Both my 508s received 196 an hour ago. They seem stable, so far...


----------



## aboz (Apr 23, 2002)

I got 196 this morning, so far the 501's are stable with one minor "glitch": in one of my units I have the dish 500 card. As I was flipping through the channels I got a smartcard authorization error, but it only happened that one time though. Does anyone know when we should start seeing the tv enhancements working?


----------



## Mark Holtz (Mar 23, 2002)

I think I saw one of the enhancements last night during a showtime promo while my 501 was in live mode. A message came up saying something like "Press select to order this channel". Unfortunately, by the time I got the video capture up and running, the promo was over, and going back in the buffer didn't bring the message up.


----------



## DmitriA (Aug 6, 2002)

It figures that this is the type of thing that Charlie would use interactive TV for..


----------



## voyagerbob (Jul 14, 2002)

> _Originally posted by voyagerbob _
> *Looks like I'm still on version 169. How many have upgrades have I missed.

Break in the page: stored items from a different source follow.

lemma smpg_iterates_sufficient_decrease:
  fixes u s :: "real^'r^'d \<Rightarrow> real" and gu :: "real^'r^'d \<Rightarrow> real^'r^'d"
    and Sh :: "real^'d^'d" and R :: "real^'r^'d \<Rightarrow> real^'r^'d \<Rightarrow> real^'r^'d"
    and X V :: "nat \<Rightarrow> real^'r^'d" and \<mu> \<alpha> :: "nat \<Rightarrow> real"
  assumes u_grad: "\<forall>Y. (u has_derivative (\<lambda>H. gu Y \<bullet> H)) (at Y)"
    and u_lip: "\<forall>Y Z. norm (gu Y - gu Z) \<le> Lu * norm (Y - Z)"
    and s_conv: "convex_on UNIV s"
    and s_lip: "\<forall>Y Z. \<bar>s Y - s Z\<bar> \<le> Ls * norm (Y - Z)"
    and \<rho>: "0 < \<rho>" and retr: "retraction R"
    and X0: "X 0 \<in> stiefel" and \<mu>0: "0 < \<mu> 0" and \<theta>: "0 < \<theta>" "\<theta> < 1"
    and sub: "\<forall>k. (\<forall>j<k. \<not> stop j) \<longrightarrow> V k \<in> tangent (X k) \<and>
       (\<forall>W \<in> tangent (X k). subobj u s \<rho> Sh (X k) (\<mu> k) (V k) \<le> subobj u s \<rho> Sh (X k) (\<mu> k) W)"
    and update: "\<forall>k. (\<forall>j\<le>k. \<not> stop j) \<longrightarrow> X (Suc k) = R (X k) (\<alpha> k *\<^sub>R V k) \<and>
       \<mu> (Suc k) = (if norm (V k) > (\<mu> k)\<^sup>2 then \<mu> k else \<theta> * \<mu> k)"
  obtains ab where "0 < ab"
    "\<And>k a. \<forall>j<k. \<not> stop j \<Longrightarrow> 0 < a \<Longrightarrow> a \<le> ab \<Longrightarrow>
       a / (2 * \<mu> k) * (norm (V k))\<^sup>2
         \<le> fsm u s \<rho> Sh (X k) (\<mu> k) - fsm u s \<rho> Sh (R (X k) (a *\<^sub>R V k)) (\<mu> k)"
proof -
  obtain ab where ab: "0 < ab" and decrease: "\<And>Y D \<nu> a. Y \<in> stiefel \<Longrightarrow> D \<in> tangent Y \<Longrightarrow>
      \<forall>W \<in> tangent Y. subobj u s \<rho> Sh Y \<nu> D \<le> subobj u s \<rho> Sh Y \<nu> W \<Longrightarrow>
      0 < \<nu> \<Longrightarrow> \<nu> \<le> \<mu> 0 \<Longrightarrow> 0 < a \<Longrightarrow> a \<le> ab \<Longrightarrow>
      a / (2*\<nu>) * (norm D)\<^sup>2 \<le> fsm u s \<rho> Sh Y \<nu> - fsm u s \<rho> Sh (R Y (a *\<^sub>R D)) \<nu>"
    by (rule smpg_uniform_sufficient_decrease[OF u_grad u_lip s_conv s_lip \<rho> retr \<mu>0], rule that)
  show ?thesis
  proof (rule that[OF ab decrease])
    fix k assume H: "\<forall>j<k. \<not> stop j"
    have "X k \<in> stiefel \<and> 0 < \<mu> k \<and> \<mu> k \<le> \<mu> 0"
    proof (rule smpg_iterates_feasible[where X=X and \<mu>=\<mu> and V=V and \<alpha>=\<alpha> and stop=stop,
          OF retr X0 \<mu>0 \<theta> _ _ H])
      show "V k \<in> tangent (X k)" if "\<forall>j<k. \<not> stop j" for k using sub that by blast
      show "X (Suc k) = R (X k) (\<alpha> k *\<^sub>R V k) \<and>
          \<mu> (Suc k) = (if norm (V k) > (\<mu> k)\<^sup>2 then \<mu> k else \<theta> * \<mu> k)"
        if "\<forall>j\<le>k. \<not> stop j" for k using update that by blast
    qed
    thus "X k \<in> stiefel" "0 < \<mu> k" "\<mu> k \<le> \<mu> 0" by auto
    show "V k \<in> tangent (X k)"
      "\<forall>W \<in> tangent (X k). subobj u s \<rho> Sh (X k) (\<mu> k) (V k) \<le> subobj u s \<rho> Sh (X k) (\<mu> k) W"
      using sub H by blast+
  qed
qed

The receiver has been a bit flakey lately but doesn't miss timers or lose recordings. *


Looks like I skipped straight to version 196. I like the info showing up in the events and timers screen.


----------



## Mark Holtz (Mar 23, 2002)

Hmmmm.... well, apparently the premium channel ordering is only being done on Showtime at this time. I have been trying (albiet not very hard) to catch that promo for a screen capture, but it could be pulled from the rotation for the holiday weekend.


----------